Akzo Nobel abandons a standard 36-hour week
Download article in original language : NL9703108NNL.DOC
Akzo Nobel has announced that it will not observe its 1995 collective agreement and that it will abandon the introduction of a standard 36-hour week as of 1 July 1997. Its new proposals have divided the unions.
In advance of opening negotiations with the trade unions, Akzo Nobel, the Netherlands' largest chemicals company, adopted its position on the introduction of a flexible average 36-hour week from 1 July 1997. Previously, Industriebond FNV, the industrial workers' union affiliated to the Dutch Federation of Trade Unions (FNV), had announced that the provisions on an average 36-hour week in the 1995 collective agreement would have to be implemented, because experiments had revealed its positive effects on both employment and efficient business management (according to an evaluation by the consultants, Basis & Beleid). Consequently, in the opinion of Industriebond FNV, the conditions required for reductions in working time, as set out in the 1995 accord, had been met (Record NL9702105N).
Akzo, however, is seriously concerned about the disadvantages entailed by reductions in working time. Above all, the company thinks the model is insufficiently thought out. In particular, management expects to encounter difficulties in drawing up flexible, average 36-hour rosters. Furthermore, the Basis & Beleid report has shown that the model did not favourably affect business management 20% of the time and did not increase employment 40% of the time. Since these problems appear to run throughout the company, a simple solution, such as exempting particular departments, is ruled out.
Specifically, management has now proposed the following:
- an equal pay rise for all employees on 1 July 1997;
- employees to decide for themselves whether or not they wish to work a 36-hour week on full pay (compared with their pay level on 30 June 1997); and
- replacing the existing overtime agreement for day- and shift-workers (which provides only for monetary compensation) with an agreement allowing time off in lieu.
A letter to this effect was sent to the union leaders concerned on 13 March 1997. The unions are divided over the issue.

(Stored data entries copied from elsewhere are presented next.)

lemma irreducible_not_dvd_imp_bezout:
  fixes p q :: "'a::euclidean_ring_gcd"
  assumes "irreducible p" "\<not> p dvd q"
  obtains u v where "u * p + v * q = 1"
proof -
  have "coprime p q"
    using assms by (simp add: irreducible_imp_prime_elem_gcd prime_elem_imp_coprime)
  then show ?thesis
    using that bezout_coefficients_fst_snd[of p q] by (auto simp: coprime_iff_gcd_eq_1)
qed

lemma map_poly_of_rat_add:
  "map_poly (of_rat :: rat \<Rightarrow> 'a::field_char_0) (p + q) = map_poly of_rat p + map_poly of_rat q"
  by (rule poly_eqI) (simp add: coeff_map_poly of_rat_add)

lemma map_poly_of_rat_diff:
  "map_poly (of_rat :: rat \<Rightarrow> 'a::field_char_0) (p - q) = map_poly of_rat p - map_poly of_rat q"
  by (rule poly_eqI) (simp add: coeff_map_poly of_rat_diff)

lemma map_poly_of_rat_mult:
  "map_poly (of_rat :: rat \<Rightarrow> 'a::field_char_0) (p * q) = map_poly of_rat p * map_poly of_rat q"
  by (rule poly_eqI) (simp add: coeff_map_poly coeff_mult of_rat_add of_rat_mult of_rat_sum)

locale root_of_trinomial =
  fixes a b :: rat and \<theta> :: complex
  assumes irr: "irreducible (monom 1 12 + monom a 6 + [:b:] :: rat poly)"
    and root: "poly (map_poly of_rat (monom 1 12 + monom a 6 + [:b:])) \<theta> = 0"
begin

definition trinomial :: "rat poly" where
  "trinomial = monom 1 12 + monom a 6 + [:b:]"

definition peval :: "rat poly \<Rightarrow> complex" where
  "peval p = poly (map_poly of_rat p) \<theta>"
lemma num_occ_single: "num_occ [v] w = card (occ v w)"
proof -
  have "disjoint_occurrences [v] w = (\<lambda>i. {(v, i)}) ` occ v w"
  proof (intro set_eqI iffI)
    fix S assume S: "S \<in> disjoint_occurrences [v] w"
    then have "card S = 1" "fst ` S = {v}"
      using image_mset_fst_mset_set_eqD[of S] by (auto simp: disjoint_occurrences_def)
    then obtain i where "S = {(v, i)}" by (auto simp: card_1_singleton_iff)
    then show "S \<in> (\<lambda>i. {(v, i)}) ` occ v w" using S by (auto simp: disjoint_occurrences_def)
  qed (auto simp: disjoint_occurrences_def)
  moreover have "inj_on (\<lambda>i. {(v, i)}) (occ v w)" by (rule inj_onI) auto
  ultimately show ?thesis by (simp add: num_occ_eq_card card_image)
qed

lemma num_occ_replicate:
  assumes "\<forall>i\<in>occ v w. \<forall>j\<in>occ v w. i \<noteq> j \<longrightarrow> {i..<i + length v} \<inter> {j..<j + length v} = {}"
  shows "num_occ (replicate k v) w = card (occ v w) choose k"
proof -
  have "disjoint_occurrences (replicate k v) w = (\<lambda>I. Pair v ` I) ` {I. I \<subseteq> occ v w \<and> card I = k}"
  proof (intro set_eqI iffI)
    fix S assume S: "S \<in> disjoint_occurrences (replicate k v) w"
    then have card: "card S = k" and fst: "fst ` S \<subseteq> {v}"
      using image_mset_fst_mset_set_eqD[of S] by (auto simp: disjoint_occurrences_def)
    then have S_eq: "S = Pair v ` snd ` S"
      by (force simp: image_iff)
    then have "card (snd ` S) = k"
      using card by (metis card_image inj_on_def prod.inject)
    moreover have "snd ` S \<subseteq> occ v w"
      using S S_eq by (auto simp: disjoint_occurrences_def)
    ultimately show "S \<in> (\<lambda>I. Pair v ` I) ` {I. I \<subseteq> occ v w \<and> card I = k}"
      using S_eq by blast
  next
    fix S assume "S \<in> (\<lambda>I. Pair v ` I) ` {I. I \<subseteq> occ v w \<and> card I = k}"
    then obtain I where I: "S = Pair v ` I" "I \<subseteq> occ v w" "card I = k" by blast
    have "finite I" using I(2) finite_occ finite_subset by blast
    moreover have "inj_on (Pair v) I" by (rule inj_onI) auto
    ultimately have "image_mset fst (mset_set S) = mset (replicate k v)"
      using I by (simp add: image_mset_mset_set[symmetric] multiset.map_comp comp_def image_mset_const_eq)
    moreover have "\<forall>(u, i)\<in>S. \<forall>(u', i')\<in>S. (u, i) \<noteq> (u', i') \<longrightarrow>
        {i..<i + length u} \<inter> {i'..<i' + length u'} = {}"
      using I(1,2) assms by blast
    ultimately show "S \<in> disjoint_occurrences (replicate k v) w"
      using I \<open>finite I\<close> by (auto simp: disjoint_occurrences_def)
  qed
  moreover have "inj_on (\<lambda>I. Pair v ` I) {I. I \<subseteq> occ v w \<and> card I = k}"
    by (simp add: inj_on_def inj_image_eq_iff)
  ultimately show ?thesis by (simp add: num_occ_eq_card card_image n_subsets finite_occ)
qed

lemma num_occ_pair:
  assumes "v \<noteq> v'"
  shows "num_occ [v, v'] w = card {(i, j). i \<in> occ v w \<and> j \<in> occ v' w \<and>
           {i..<i + length v} \<inter> {j..<j + length v'} = {}}" (is "_ = card ?P")
proof -
  let ?f = "\<lambda>(i, j). {(v, i), (v', j)}"
  have "disjoint_occurrences [v, v'] w = ?f ` ?P"
  proof (intro set_eqI iffI)
    fix S assume S: "S \<in> disjoint_occurrences [v, v'] w"
    then have "card S = 2" "fst ` S = {v, v'}"
      using image_mset_fst_mset_set_eqD[of S] by (auto simp: disjoint_occurrences_def)
    then obtain i j where S_eq: "S = {(v, i), (v', j)}"
      by (auto simp: card_2_iff doubleton_eq_iff) (metis prod.collapse)+
    have "(i, j) \<in> ?P"
      using S assms unfolding S_eq disjoint_occurrences_def by auto
    then show "S \<in> ?f ` ?P" unfolding S_eq by (rule rev_image_eqI) simp
  next
    fix S assume "S \<in> ?f ` ?P"
    then obtain p where "S = ?f p" "p \<in> ?P" by blast
    then show "S \<in> disjoint_occurrences [v, v'] w"
      using assms by (cases p) (auto simp: disjoint_occurrences_def Int_commute)
  qed
  moreover have "inj_on ?f ?P"
    using assms by (auto simp: inj_on_def doubleton_eq_iff)
  ultimately show ?thesis by (simp add: num_occ_eq_card card_image)
qed

lemma disjoint_atLeastLessThan_add_iff:
  "{i..<i + m} \<inter> {j..<j + (n::nat)} = {} \<longleftrightarrow> m = 0 \<or> n = 0 \<or> i + m \<le> j \<or> j + n \<le> i"
proof
  assume "{i..<i + m} \<inter> {j..<j + n} = {}"
  then have "max i j \<notin> {i..<i + m} \<inter> {j..<j + n}" by blast
  then show "m = 0 \<or> n = 0 \<or> i + m \<le> j \<or> j + n \<le> i" by auto
qed auto

lemma card_times_diff_graph:
  assumes "finite A" "finite B" "g ` B \<subseteq> A"
  shows "int (card (A \<times> B - (\<lambda>j. (g j, j)) ` B)) = int (card A) * int (card B) - int (card B)"
proof -
  have sub: "(\<lambda>j. (g j, j)) ` B \<subseteq> A \<times> B" using assms(3) by auto
  have card_graph: "card ((\<lambda>j. (g j, j)) ` B) = card B" by (rule card_image) (auto simp: inj_on_def)
  have "card B \<le> card A * card B"
    using card_mono[OF _ sub] assms(1,2) card_graph by (simp add: card_cartesian_product)
  then show ?thesis
    using card_Diff_subset[OF finite_subset[OF sub] sub] assms(1,2) card_graph
    by (simp add: card_cartesian_product of_nat_diff)
qed

lemma num_occ_three_valleys: "num_occ [[D, U], [D, U], [D, U]] w = card (valleys w) choose 3"
proof -
  have "{i..<i + length [D, U]} \<inter> {j..<j + length [D, U]} = {}"
    if "i \<in> valleys w" "j \<in> valleys w" "i \<noteq> j" for i j
  proof -
    have "i \<noteq> Suc j" "j \<noteq> Suc i" using that by (auto simp: mem_valleys)
    then show ?thesis using that(3) unfolding disjoint_atLeastLessThan_add_iff by auto
  qed
  then have "num_occ (replicate 3 [D, U]) w = card (valleys w) choose 3"
    by (intro num_occ_replicate[of "[D, U]" w 3, folded valleys_def]) blast
  then show ?thesis by (simp add: numeral_3_eq_3)
qed

lemma num_occ_valley_DDU:
  "int (num_occ [[D, U], [D, D, U]] w)
     = int (card (valleys w)) * int (card (occ [D, D, U] w)) - int (card (occ [D, D, U] w))"
proof -
  have overlap: "{i..<i + length [D, U]} \<inter> {j..<j + length [D, D, U]} = {} \<longleftrightarrow> i \<noteq> Suc j"
    if "i \<in> valleys w" "j \<in> occ [D, D, U] w" for i j
  proof -
    have "i \<noteq> j" "Suc i \<noteq> j" "i \<noteq> Suc (Suc j)"
      using that by (auto simp: mem_valleys mem_occ_Cons)
    then show ?thesis unfolding disjoint_atLeastLessThan_add_iff by auto
  qed
  have "Suc ` occ [D, D, U] w \<subseteq> valleys w" by (auto simp: mem_valleys mem_occ_Cons)
  moreover have "{(i, j). i \<in> occ [D, U] w \<and> j \<in> occ [D, D, U] w \<and>
      {i..<i + length [D, U]} \<inter> {j..<j + length [D, D, U]} = {}}
    = valleys w \<times> occ [D, D, U] w - (\<lambda>j. (Suc j, j)) ` occ [D, D, U] w"
    using overlap by (auto simp: valleys_def[symmetric])
  ultimately show ?thesis
    using num_occ_pair[of "[D, U]" "[D, D, U]" w] card_times_diff_graph[of _ _ Suc]
    by (simp add: finite_occ finite_valleys)
qed

lemma num_occ_valley_DUU:
  "int (num_occ [[D, U], [D, U, U]] w)
     = int (card (valleys w)) * int (card (occ [D, U, U] w)) - int (card (occ [D, U, U] w))"
proof -
  have overlap: "{i..<i + length [D, U]} \<inter> {j..<j + length [D, U, U]} = {} \<longleftrightarrow> i \<noteq> j"
    if "i \<in> valleys w" "j \<in> occ [D, U, U] w" for i j
  proof -
    have "i \<noteq> Suc j" "Suc i \<noteq> j" "i \<noteq> Suc (Suc j)"
      using that by (auto simp: mem_valleys mem_occ_Cons)
    then show ?thesis unfolding disjoint_atLeastLessThan_add_iff by auto
  qed
  have "occ [D, U, U] w \<subseteq> valleys w" by (auto simp: mem_valleys mem_occ_Cons)
  moreover have "{(i, j). i \<in> occ [D, U] w \<and> j \<in> occ [D, U, U] w \<and>
      {i..<i + length [D, U]} \<inter> {j..<j + length [D, U, U]} = {}}
    = valleys w \<times> occ [D, U, U] w - (\<lambda>j. (j, j)) ` occ [D, U, U] w"
    using overlap by (auto simp: valleys_def[symmetric])
  ultimately show ?thesis
    using num_occ_pair[of "[D, U]" "[D, U, U]" w]
      card_times_diff_graph[of "valleys w" "occ [D, U, U] w" "\<lambda>j. j"]
    by (simp add: finite_occ finite_valleys)
qed

lemma card_Diff_singleton_Un_ifs:
  assumes "finite A" "P \<Longrightarrow> y \<notin> A" "Q \<Longrightarrow> z \<notin> A" "y \<noteq> z"
  shows "int (card (A - {x} \<union> (if P then {y} else {}) \<union> (if Q then {z} else {})))
           = int (card A) - of_bool (x \<in> A) + of_bool P + of_bool Q"
proof -
  have "x \<in> A \<Longrightarrow> Suc 0 \<le> card A" using assms(1) by (auto simp: Suc_le_eq card_gt_0_iff)
  then show ?thesis
    using assms by (cases P; cases Q) (auto simp: card_insert_if card_Diff_singleton_if of_nat_diff)
qed

lemma near_index_cases:
  fixes i j :: nat
  obtains "Suc (Suc j) < i" | "Suc (Suc j) = i" | "Suc j = i" | "j = i" | "j = Suc i" | "Suc i < j"
  by linarith

lemma valleys_flip_valley:
  assumes "i \<in> valleys w"
  shows "valleys (flip_valley w i) = valleys w - {i}
     \<union> (if 0 < i \<and> w ! (i - 1) = D then {i - 1} else {})
     \<union> (if Suc (Suc i) < length w \<and> w ! Suc (Suc i) = U then {Suc i} else {})" (is "?L = ?R")
proof (rule set_eqI)
  show "j \<in> ?L \<longleftrightarrow> j \<in> ?R" for j
    using assms by (cases i j rule: near_index_cases) (auto simp: mem_valleys nth_flip_valley)
qed

text \<open>For \<open>i = 0\<close> the removed position \<open>i - 1 = 0\<close> is harmless: it is no \<open>ddu\<close>
  position, as \<open>w ! 1 = U\<close>.\<close>
lemma occ_DDU_flip_valley:
  assumes "i \<in> valleys w"
  shows "occ [D, D, U] (flip_valley w i) = occ [D, D, U] w - {i - 1}
     \<union> (if 2 \<le> i \<and> w ! (i - 2) = D \<and> w ! (i - 1) = D then {i - 2} else {})
     \<union> (if Suc (Suc (Suc i)) < length w \<and> w ! Suc (Suc i) = D \<and> w ! Suc (Suc (Suc i)) = U
        then {Suc i} else {})" (is "?L = ?R")
proof (rule set_eqI)
  show "j \<in> ?L \<longleftrightarrow> j \<in> ?R" for j
    using assms by (cases i j rule: near_index_cases)
      (auto simp: mem_valleys mem_occ_Cons mem_occ_Nil nth_flip_valley)
qed

lemma occ_DUU_flip_valley:
  assumes "i \<in> valleys w"
  shows "occ [D, U, U] (flip_valley w i) = occ [D, U, U] w - {i}
     \<union> (if 2 \<le> i \<and> w ! (i - 2) = D \<and> w ! (i - 1) = U then {i - 2} else {})
     \<union> (if Suc (Suc (Suc i)) < length w \<and> w ! Suc (Suc i) = U \<and> w ! Suc (Suc (Suc i)) = U
        then {Suc i} else {})" (is "?L = ?R")
proof (rule set_eqI)
  show "j \<in> ?L \<longleftrightarrow> j \<in> ?R" for j
    using assms by (cases i j rule: near_index_cases)
      (auto simp: mem_valleys mem_occ_Cons mem_occ_Nil nth_flip_valley)
qed

lemma card_valleys_flip_valley:
  assumes "i \<in> valleys w"
  shows "int (card (valleys (flip_valley w i))) = int (card (valleys w)) - 1
     + of_bool (0 < i \<and> w ! (i - 1) = D) + of_bool (Suc (Suc i) < length w \<and> w ! Suc (Suc i) = U)"
  unfolding valleys_flip_valley[OF assms] using assms
  by (subst card_Diff_singleton_Un_ifs) (auto simp: finite_valleys mem_valleys)

lemma card_occ_DDU_flip_valley:
  assumes "i \<in> valleys w"
  shows "int (card (occ [D, D, U] (flip_valley w i))) = int (card (occ [D, D, U] w))
     - of_bool (0 < i \<and> w ! (i - 1) = D) + of_bool (2 \<le> i \<and> w ! (i - 2) = D \<and> w ! (i - 1) = D)
     + of_bool (Suc (Suc (Suc i)) < length w \<and> w ! Suc (Suc i) = D \<and> w ! Suc (Suc (Suc i)) = U)"
proof -
  have "i - 1 \<in> occ [D, D, U] w \<longleftrightarrow> 0 < i \<and> w ! (i - 1) = D"
    using assms by (cases i) (auto simp: mem_valleys mem_occ_Cons mem_occ_Nil)
  moreover have "i - 2 \<notin> occ [D, D, U] w" if "2 \<le> i"
    using assms that by (auto simp: mem_valleys mem_occ_Cons numeral_2_eq_2 Suc_diff_Suc)
  ultimately show ?thesis
    unfolding occ_DDU_flip_valley[OF assms] using assms
    by (subst card_Diff_singleton_Un_ifs) (auto simp: finite_occ mem_valleys mem_occ_Cons)
qed

lemma card_occ_DUU_flip_valley:
  assumes "i \<in> valleys w"
  shows "int (card (occ [D, U, U] (flip_valley w i))) = int (card (occ [D, U, U] w))
     - of_bool (Suc (Suc i) < length w \<and> w ! Suc (Suc i) = U)
     + of_bool (2 \<le> i \<and> w ! (i - 2) = D \<and> w ! (i - 1) = U)
     + of_bool (Suc (Suc (Suc i)) < length w \<and> w ! Suc (Suc i) = U \<and> w ! Suc (Suc (Suc i)) = U)"
proof -
  have "i \<in> occ [D, U, U] w \<longleftrightarrow> Suc (Suc i) < length w \<and> w ! Suc (Suc i) = U"
    using assms by (auto simp: mem_valleys mem_occ_Cons mem_occ_Nil)
  moreover have "i - 2 \<notin> occ [D, U, U] w" if "2 \<le> i"
    using assms that by (auto simp: mem_valleys mem_occ_Cons numeral_2_eq_2 Suc_diff_Suc)
  ultimately show ?thesis
    unfolding occ_DUU_flip_valley[OF assms] using assms
    by (subst card_Diff_singleton_Un_ifs) (auto simp: finite_occ mem_valleys mem_occ_Cons)
qed

lemma sum_of_bool_eq_card_shift:
  fixes A B :: "nat set"
  assumes "finite A"
    and "\<And>x. x \<in> A \<Longrightarrow> P x \<Longrightarrow> k \<le> x \<and> x - k \<in> B"
    and "\<And>y. y \<in> B \<Longrightarrow> y + k \<in> A \<and> P (y + k)"
  shows "(\<Sum>x\<in>A. of_bool (P x)) = (of_nat (card B) :: 'a::semiring_1)"
proof -
  have "A \<inter> {x. P x} = (\<lambda>y. y + k) ` B"
  proof (intro set_eqI iffI)
    fix x assume "x \<in> A \<inter> {x. P x}"
    with assms(2) show "x \<in> (\<lambda>y. y + k) ` B" by (auto intro: rev_image_eqI[of "x - k"])
  qed (use assms(3) in auto)
  then have "card (A \<inter> {x. P x}) = card B" by (simp add: card_image)
  then show ?thesis using assms(1) by simp
qed

lemma sum_valleys_D_before:
  "(\<Sum>i\<in>valleys w. of_bool (0 < i \<and> w ! (i - 1) = D)) = int (card (occ [D, D, U] w))"
  by (rule sum_of_bool_eq_card_shift[where k = 1])
    (auto simp: finite_valleys mem_valleys mem_occ_Cons mem_occ_Nil)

Industriebond FNV and Industrie en Voedingsbond CNV, the industrial and foodworkers' union affiliated to the Christian National Federation of Trade Unions (CNV) intend to hold Akzo to its promise. They refuse to reconsider the collective agreement. The union for professional and managerial staff at AKZO (VHP-KZO) and the union for industry and services (de Unie), however, seem to agree with AKZO's position.
On 24 March, the first talks between Akzo and the unions failed to produce any results. The parties were due to make a final attempt to come to an agreement on 7 April. Industrie en Voedingsbond CNV has already proclaimed that if the parties are not successful it will take Akzo to court.
"Arbeidsduurdifferentiatie & flexibele werktijden. Evaluatie van 124 experimenten bij AKZO NOBEL in Nederland" ("Working time differentiation and flexible working hours. Evaluation of 124 experiments at AKZO NOBEL in the Netherlands", Basis & Beleid (February 1997).